___ DATASET CONTENT

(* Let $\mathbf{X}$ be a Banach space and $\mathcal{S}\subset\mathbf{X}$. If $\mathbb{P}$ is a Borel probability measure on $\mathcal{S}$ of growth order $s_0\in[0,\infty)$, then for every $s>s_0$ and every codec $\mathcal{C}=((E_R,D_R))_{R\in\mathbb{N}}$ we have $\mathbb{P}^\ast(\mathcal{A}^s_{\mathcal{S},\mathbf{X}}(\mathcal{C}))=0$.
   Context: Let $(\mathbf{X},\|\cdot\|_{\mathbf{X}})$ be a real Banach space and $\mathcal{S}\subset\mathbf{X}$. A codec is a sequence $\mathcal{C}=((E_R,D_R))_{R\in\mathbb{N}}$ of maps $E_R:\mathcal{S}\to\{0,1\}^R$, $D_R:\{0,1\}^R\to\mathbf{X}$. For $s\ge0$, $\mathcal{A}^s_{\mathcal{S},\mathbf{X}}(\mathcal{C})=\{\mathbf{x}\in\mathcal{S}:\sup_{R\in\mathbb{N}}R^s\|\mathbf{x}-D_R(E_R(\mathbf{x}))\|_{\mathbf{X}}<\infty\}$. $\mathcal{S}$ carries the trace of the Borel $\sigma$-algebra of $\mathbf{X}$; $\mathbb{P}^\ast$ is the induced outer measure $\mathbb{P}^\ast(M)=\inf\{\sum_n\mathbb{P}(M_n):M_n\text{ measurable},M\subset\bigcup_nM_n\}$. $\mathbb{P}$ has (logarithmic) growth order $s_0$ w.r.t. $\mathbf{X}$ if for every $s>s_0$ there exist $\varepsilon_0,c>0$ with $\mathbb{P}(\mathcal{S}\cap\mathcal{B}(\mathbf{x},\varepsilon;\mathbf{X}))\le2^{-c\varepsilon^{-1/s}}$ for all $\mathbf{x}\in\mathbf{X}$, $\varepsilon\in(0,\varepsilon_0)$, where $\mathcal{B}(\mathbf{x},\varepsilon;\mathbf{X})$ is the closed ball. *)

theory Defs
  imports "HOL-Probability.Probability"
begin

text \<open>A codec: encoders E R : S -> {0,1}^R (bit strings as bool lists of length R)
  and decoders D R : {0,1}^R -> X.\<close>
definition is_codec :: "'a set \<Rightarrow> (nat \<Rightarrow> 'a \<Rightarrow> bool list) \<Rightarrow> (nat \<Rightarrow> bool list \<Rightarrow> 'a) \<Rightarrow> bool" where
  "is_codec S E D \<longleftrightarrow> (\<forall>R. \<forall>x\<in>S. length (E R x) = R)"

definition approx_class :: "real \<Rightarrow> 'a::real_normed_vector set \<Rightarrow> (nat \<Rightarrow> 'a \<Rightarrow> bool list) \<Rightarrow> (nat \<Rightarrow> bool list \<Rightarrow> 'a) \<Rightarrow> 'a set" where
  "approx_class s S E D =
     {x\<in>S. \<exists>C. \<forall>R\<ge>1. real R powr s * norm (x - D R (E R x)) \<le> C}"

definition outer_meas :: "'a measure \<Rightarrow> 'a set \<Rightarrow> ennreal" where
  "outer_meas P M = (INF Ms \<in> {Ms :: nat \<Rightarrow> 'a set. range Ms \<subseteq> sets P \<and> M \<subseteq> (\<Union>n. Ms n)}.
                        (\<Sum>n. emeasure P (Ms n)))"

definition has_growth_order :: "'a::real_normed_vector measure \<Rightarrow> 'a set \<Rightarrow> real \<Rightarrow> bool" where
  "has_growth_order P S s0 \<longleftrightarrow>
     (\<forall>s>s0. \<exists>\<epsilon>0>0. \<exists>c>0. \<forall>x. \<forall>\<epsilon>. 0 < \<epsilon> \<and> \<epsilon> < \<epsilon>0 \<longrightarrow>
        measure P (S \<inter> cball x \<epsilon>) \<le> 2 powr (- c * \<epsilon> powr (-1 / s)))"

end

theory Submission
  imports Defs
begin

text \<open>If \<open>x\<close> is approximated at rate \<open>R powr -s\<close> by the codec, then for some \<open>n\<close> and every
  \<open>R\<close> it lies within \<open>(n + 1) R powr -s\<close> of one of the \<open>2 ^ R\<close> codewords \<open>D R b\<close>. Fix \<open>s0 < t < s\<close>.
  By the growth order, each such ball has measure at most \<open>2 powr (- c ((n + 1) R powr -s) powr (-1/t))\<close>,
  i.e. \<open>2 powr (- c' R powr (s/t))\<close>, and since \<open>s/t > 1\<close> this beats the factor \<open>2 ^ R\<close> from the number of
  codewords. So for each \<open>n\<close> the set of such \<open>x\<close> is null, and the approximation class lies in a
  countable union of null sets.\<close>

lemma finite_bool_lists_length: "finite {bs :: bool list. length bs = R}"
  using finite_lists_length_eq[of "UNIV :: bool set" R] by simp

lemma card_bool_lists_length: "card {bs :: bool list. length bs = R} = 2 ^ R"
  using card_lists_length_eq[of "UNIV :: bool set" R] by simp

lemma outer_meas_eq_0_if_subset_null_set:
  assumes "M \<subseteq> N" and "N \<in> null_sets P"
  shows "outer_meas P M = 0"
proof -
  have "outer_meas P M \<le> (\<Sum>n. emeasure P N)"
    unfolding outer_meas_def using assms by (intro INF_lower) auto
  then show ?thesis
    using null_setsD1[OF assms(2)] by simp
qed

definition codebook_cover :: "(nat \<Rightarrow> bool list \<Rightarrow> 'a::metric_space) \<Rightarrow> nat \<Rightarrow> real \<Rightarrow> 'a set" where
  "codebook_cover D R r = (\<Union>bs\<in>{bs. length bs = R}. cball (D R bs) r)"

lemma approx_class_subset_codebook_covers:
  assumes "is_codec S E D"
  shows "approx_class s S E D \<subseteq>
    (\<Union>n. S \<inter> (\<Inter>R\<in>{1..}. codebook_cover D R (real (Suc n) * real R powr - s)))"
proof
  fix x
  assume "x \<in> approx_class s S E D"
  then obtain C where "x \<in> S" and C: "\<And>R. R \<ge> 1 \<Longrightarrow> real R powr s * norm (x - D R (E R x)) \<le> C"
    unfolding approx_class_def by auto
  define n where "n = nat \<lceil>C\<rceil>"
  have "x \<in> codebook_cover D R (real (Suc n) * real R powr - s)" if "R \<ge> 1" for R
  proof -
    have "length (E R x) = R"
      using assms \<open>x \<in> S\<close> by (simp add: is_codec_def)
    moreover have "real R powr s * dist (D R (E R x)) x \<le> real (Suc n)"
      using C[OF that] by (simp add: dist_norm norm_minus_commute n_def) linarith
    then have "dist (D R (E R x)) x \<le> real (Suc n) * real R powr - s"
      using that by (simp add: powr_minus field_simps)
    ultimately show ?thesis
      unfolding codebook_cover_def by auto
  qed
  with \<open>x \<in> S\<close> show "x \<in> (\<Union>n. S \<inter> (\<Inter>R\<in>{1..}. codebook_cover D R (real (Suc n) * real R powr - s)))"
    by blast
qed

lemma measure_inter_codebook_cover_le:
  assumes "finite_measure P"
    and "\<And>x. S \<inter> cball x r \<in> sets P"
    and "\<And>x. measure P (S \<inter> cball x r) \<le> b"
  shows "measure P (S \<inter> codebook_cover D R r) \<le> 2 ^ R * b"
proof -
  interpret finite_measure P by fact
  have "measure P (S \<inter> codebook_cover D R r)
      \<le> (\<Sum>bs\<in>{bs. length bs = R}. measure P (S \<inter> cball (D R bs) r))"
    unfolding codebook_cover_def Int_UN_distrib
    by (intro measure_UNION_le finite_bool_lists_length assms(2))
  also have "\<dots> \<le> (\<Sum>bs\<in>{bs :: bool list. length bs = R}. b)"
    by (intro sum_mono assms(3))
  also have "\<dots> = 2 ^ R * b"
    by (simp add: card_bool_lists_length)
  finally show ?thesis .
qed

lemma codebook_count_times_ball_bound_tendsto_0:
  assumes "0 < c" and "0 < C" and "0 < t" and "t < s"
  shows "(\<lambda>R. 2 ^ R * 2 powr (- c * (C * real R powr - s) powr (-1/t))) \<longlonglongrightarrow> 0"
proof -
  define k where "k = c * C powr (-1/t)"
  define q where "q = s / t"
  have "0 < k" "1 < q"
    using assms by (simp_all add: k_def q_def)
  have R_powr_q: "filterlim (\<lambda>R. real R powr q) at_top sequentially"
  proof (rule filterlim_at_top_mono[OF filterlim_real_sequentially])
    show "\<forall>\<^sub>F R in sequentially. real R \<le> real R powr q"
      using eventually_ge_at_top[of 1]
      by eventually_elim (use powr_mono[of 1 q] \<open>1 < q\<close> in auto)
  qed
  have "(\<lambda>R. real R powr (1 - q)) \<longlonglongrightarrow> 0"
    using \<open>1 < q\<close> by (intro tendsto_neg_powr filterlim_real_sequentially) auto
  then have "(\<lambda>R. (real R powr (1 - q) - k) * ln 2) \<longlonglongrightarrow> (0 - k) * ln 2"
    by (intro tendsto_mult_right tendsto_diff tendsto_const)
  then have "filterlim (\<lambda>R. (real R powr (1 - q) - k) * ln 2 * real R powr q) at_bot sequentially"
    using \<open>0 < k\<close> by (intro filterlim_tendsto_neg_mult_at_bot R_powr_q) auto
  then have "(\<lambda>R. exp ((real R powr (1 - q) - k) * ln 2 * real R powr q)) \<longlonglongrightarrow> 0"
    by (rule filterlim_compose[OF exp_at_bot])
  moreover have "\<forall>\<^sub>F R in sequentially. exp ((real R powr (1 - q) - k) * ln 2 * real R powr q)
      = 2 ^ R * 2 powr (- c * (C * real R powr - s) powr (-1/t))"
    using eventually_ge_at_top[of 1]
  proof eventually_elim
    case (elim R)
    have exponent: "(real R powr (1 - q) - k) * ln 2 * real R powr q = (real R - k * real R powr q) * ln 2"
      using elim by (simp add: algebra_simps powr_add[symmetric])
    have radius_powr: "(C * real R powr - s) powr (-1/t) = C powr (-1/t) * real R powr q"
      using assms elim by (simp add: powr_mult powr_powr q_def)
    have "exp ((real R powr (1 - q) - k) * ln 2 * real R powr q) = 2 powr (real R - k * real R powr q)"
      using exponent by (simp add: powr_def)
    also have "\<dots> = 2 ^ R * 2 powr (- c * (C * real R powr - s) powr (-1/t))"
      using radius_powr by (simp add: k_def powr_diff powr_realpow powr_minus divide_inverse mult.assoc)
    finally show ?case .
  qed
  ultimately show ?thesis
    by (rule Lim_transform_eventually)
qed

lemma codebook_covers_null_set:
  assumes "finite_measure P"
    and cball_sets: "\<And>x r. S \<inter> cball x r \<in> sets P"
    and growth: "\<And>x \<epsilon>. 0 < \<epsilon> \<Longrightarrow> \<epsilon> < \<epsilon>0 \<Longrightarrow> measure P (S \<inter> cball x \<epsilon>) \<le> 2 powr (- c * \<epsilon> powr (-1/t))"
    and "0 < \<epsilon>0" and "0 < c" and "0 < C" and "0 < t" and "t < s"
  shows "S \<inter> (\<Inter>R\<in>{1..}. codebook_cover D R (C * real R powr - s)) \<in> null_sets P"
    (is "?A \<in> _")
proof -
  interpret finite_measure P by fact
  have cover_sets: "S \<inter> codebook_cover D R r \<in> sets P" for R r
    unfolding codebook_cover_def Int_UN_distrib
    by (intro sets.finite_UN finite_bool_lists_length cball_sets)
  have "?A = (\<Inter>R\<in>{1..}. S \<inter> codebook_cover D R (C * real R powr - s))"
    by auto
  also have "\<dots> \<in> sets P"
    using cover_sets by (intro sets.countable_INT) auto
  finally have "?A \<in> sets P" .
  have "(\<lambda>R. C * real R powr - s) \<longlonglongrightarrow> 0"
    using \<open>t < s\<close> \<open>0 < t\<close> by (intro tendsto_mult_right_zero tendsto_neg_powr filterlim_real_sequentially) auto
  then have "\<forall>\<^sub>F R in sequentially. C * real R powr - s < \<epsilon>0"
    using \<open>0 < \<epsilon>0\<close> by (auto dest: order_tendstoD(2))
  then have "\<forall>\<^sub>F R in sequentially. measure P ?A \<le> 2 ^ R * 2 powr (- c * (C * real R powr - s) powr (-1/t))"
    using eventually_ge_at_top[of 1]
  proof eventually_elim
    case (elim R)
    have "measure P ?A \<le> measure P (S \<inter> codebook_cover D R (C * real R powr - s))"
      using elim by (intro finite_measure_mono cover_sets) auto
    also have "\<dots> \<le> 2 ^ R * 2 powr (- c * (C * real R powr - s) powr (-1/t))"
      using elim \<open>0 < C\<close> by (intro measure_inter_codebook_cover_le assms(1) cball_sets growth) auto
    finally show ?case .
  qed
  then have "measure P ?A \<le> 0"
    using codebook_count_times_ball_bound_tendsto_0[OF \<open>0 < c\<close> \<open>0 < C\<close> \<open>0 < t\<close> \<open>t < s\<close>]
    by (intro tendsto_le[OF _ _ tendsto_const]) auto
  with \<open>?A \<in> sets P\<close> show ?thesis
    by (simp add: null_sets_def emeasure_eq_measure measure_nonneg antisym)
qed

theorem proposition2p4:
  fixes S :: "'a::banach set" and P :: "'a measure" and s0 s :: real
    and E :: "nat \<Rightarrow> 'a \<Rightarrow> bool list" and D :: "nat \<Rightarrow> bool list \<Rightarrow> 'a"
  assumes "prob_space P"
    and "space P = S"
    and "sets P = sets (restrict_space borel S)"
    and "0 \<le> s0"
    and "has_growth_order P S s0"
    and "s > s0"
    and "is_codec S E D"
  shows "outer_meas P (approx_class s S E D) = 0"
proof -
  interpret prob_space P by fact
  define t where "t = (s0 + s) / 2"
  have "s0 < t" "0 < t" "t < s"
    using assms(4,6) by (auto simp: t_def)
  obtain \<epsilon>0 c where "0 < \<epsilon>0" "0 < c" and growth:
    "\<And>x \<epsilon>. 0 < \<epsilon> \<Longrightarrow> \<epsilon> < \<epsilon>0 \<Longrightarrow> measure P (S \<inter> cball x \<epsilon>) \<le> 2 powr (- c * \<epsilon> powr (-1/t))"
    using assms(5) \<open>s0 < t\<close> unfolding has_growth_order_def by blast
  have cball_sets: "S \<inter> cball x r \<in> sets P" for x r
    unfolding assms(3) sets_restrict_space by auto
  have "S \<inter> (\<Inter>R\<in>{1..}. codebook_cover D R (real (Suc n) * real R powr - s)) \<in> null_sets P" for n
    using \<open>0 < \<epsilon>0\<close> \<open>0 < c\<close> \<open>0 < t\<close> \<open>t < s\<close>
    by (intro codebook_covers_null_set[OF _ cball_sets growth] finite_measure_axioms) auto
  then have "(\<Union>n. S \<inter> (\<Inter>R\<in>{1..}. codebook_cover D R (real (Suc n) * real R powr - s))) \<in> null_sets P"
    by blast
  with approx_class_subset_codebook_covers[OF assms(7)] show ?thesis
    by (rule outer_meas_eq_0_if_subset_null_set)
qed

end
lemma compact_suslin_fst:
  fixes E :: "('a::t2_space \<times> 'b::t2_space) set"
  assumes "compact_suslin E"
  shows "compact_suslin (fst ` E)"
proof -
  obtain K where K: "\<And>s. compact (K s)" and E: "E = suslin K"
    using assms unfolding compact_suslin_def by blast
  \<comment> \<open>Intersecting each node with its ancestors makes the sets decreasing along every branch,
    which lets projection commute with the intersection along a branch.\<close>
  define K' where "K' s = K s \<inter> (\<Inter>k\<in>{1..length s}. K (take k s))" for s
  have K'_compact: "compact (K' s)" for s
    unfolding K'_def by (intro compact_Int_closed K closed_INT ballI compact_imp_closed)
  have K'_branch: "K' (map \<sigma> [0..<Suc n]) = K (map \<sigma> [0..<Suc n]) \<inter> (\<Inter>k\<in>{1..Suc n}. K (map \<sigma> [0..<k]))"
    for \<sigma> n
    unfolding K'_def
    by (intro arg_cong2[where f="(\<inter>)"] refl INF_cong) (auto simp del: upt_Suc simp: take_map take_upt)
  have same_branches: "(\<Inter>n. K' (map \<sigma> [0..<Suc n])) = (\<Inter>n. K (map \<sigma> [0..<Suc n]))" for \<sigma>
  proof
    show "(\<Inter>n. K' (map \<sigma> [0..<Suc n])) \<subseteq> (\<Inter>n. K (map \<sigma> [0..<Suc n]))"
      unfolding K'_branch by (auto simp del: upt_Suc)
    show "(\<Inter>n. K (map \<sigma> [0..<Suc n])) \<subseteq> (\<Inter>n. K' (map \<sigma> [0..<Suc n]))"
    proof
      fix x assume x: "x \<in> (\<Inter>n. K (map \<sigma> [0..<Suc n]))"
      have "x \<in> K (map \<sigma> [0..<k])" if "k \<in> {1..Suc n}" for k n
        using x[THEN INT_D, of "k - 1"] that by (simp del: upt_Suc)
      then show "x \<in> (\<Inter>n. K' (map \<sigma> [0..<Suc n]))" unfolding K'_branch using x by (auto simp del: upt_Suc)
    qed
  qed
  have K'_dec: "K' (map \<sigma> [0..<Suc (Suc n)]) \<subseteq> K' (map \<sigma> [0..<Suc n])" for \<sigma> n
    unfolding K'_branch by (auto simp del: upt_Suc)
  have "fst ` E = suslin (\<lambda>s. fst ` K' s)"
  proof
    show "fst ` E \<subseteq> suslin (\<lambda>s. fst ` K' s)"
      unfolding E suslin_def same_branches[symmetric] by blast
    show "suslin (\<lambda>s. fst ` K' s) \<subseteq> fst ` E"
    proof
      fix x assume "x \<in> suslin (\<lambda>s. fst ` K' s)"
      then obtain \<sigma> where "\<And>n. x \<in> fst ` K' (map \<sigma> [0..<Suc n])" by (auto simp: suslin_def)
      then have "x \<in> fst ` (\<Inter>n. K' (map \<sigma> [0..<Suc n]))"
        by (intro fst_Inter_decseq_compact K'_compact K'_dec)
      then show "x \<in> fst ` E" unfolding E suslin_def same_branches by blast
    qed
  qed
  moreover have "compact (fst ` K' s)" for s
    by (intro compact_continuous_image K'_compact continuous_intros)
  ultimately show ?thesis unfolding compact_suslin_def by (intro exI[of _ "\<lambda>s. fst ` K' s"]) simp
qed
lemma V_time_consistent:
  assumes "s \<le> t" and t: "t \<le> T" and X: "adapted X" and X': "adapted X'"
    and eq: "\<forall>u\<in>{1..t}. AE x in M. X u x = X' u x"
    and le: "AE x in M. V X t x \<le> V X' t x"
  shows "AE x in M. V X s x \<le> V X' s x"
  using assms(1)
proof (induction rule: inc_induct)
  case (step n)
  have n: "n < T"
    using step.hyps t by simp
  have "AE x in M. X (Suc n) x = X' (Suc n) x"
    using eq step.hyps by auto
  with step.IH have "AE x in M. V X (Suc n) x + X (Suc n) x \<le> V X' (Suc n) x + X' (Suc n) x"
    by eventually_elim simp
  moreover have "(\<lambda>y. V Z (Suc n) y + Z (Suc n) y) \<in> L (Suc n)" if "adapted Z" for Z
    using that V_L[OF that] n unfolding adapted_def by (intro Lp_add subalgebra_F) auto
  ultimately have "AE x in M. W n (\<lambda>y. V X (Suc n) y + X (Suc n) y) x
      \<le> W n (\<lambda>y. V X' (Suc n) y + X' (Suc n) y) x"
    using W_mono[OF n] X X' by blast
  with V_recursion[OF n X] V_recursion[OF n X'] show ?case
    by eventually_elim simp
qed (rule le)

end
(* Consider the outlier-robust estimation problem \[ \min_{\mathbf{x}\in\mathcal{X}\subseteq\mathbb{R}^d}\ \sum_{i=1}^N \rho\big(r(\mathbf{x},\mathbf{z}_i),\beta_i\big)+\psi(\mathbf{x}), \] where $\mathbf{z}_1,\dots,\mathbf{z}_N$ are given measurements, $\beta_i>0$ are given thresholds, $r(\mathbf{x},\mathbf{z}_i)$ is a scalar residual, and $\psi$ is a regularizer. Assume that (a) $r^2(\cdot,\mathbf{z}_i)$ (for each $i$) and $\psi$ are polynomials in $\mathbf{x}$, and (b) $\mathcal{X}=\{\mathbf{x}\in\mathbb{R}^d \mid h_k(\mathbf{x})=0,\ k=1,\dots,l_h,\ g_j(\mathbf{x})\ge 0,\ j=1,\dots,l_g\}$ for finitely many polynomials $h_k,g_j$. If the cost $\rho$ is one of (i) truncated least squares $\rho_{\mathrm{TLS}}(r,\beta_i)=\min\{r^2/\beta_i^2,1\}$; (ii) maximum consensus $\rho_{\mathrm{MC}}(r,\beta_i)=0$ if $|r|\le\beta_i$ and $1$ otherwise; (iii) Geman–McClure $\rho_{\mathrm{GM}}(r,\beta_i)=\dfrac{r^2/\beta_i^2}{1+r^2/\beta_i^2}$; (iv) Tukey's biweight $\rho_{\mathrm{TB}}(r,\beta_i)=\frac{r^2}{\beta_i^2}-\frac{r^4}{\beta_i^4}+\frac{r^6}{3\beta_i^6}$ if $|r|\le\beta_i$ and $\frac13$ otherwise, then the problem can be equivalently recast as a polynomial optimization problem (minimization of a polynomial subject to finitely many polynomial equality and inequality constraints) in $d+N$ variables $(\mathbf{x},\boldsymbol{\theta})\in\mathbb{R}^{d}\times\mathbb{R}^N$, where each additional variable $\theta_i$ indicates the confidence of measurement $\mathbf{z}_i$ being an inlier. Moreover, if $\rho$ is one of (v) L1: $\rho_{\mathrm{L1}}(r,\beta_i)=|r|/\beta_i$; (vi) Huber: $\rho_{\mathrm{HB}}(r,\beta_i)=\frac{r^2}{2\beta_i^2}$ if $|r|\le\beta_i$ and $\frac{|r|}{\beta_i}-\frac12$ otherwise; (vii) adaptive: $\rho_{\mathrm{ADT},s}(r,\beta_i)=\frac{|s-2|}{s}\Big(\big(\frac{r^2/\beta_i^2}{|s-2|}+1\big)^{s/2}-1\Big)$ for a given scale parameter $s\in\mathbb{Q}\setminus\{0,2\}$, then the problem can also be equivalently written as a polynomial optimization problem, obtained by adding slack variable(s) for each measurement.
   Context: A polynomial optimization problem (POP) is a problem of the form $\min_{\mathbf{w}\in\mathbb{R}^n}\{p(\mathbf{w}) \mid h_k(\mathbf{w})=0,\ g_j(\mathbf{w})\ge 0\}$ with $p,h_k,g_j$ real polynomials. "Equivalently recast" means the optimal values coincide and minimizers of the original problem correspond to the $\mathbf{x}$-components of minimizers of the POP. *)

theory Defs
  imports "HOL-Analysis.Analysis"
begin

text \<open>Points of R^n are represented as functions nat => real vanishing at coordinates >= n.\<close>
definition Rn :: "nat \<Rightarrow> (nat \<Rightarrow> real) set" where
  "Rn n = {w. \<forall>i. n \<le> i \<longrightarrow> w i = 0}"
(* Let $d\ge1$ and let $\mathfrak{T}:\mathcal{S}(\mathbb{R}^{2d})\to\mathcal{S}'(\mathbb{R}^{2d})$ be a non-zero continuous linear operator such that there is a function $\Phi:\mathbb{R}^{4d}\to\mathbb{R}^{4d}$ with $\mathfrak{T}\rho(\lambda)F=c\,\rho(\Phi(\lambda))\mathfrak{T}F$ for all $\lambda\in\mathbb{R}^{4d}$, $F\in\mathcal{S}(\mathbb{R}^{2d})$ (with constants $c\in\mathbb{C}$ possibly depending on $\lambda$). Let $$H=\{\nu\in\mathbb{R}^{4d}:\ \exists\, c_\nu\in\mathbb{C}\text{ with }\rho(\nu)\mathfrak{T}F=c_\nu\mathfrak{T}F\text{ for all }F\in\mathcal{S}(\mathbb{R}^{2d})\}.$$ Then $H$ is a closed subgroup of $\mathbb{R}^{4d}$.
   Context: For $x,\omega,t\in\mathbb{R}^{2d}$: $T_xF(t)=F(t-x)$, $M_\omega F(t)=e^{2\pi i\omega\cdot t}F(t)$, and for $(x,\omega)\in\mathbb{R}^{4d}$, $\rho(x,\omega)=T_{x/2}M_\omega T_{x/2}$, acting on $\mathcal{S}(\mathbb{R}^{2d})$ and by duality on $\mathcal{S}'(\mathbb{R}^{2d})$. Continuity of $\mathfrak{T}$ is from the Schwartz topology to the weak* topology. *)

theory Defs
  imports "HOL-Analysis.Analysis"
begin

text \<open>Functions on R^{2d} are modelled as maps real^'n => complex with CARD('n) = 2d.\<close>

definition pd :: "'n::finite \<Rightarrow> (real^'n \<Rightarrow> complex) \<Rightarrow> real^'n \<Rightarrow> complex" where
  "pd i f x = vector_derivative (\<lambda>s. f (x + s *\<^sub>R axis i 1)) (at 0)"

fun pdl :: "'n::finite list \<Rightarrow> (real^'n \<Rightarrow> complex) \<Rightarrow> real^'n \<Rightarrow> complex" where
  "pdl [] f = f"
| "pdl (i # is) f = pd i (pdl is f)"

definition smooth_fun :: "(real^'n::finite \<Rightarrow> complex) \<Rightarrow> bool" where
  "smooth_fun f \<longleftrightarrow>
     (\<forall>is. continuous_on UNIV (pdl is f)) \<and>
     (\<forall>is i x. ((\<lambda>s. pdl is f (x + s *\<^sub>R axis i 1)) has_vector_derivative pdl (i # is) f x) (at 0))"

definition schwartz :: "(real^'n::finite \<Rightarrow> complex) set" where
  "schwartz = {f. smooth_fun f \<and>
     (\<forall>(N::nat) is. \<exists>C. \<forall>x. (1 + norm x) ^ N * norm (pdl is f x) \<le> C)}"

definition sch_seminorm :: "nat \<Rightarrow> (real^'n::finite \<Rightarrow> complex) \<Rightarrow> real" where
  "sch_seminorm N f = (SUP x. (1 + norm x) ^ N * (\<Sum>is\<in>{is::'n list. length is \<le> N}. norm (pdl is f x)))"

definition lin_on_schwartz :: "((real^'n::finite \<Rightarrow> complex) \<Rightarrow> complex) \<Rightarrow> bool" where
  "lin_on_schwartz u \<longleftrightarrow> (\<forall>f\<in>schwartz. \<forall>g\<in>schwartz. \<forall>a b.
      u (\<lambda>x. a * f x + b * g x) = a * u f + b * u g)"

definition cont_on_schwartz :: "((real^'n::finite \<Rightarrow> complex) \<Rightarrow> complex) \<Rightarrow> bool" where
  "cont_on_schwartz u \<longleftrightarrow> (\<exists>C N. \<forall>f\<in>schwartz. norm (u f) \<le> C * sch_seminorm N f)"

______

◆ **INSTRUCTIONS TO FOLLOW**
In the records above, which lines hold the string "shows"? Copy each one.

◆ **RESPONSE TO THE EXERCISE**
  shows "outer_meas P M = 0"
  shows "approx_class s S E D \<subseteq>
  shows "measure P (S \<inter> codebook_cover D R r) \<le> 2 ^ R * b"
  shows "(\<lambda>R. 2 ^ R * 2 powr (- c * (C * real R powr - s) powr (-1/t))) \<longlonglongrightarrow> 0"
  shows "S \<inter> (\<Inter>R\<in>{1..}. codebook_cover D R (C * real R powr - s)) \<in> null_sets P"
  shows "outer_meas P (approx_class s S E D) = 0"
  shows "compact_suslin (fst ` E)"
  shows "AE x in M. V X s x \<le> V X' s x"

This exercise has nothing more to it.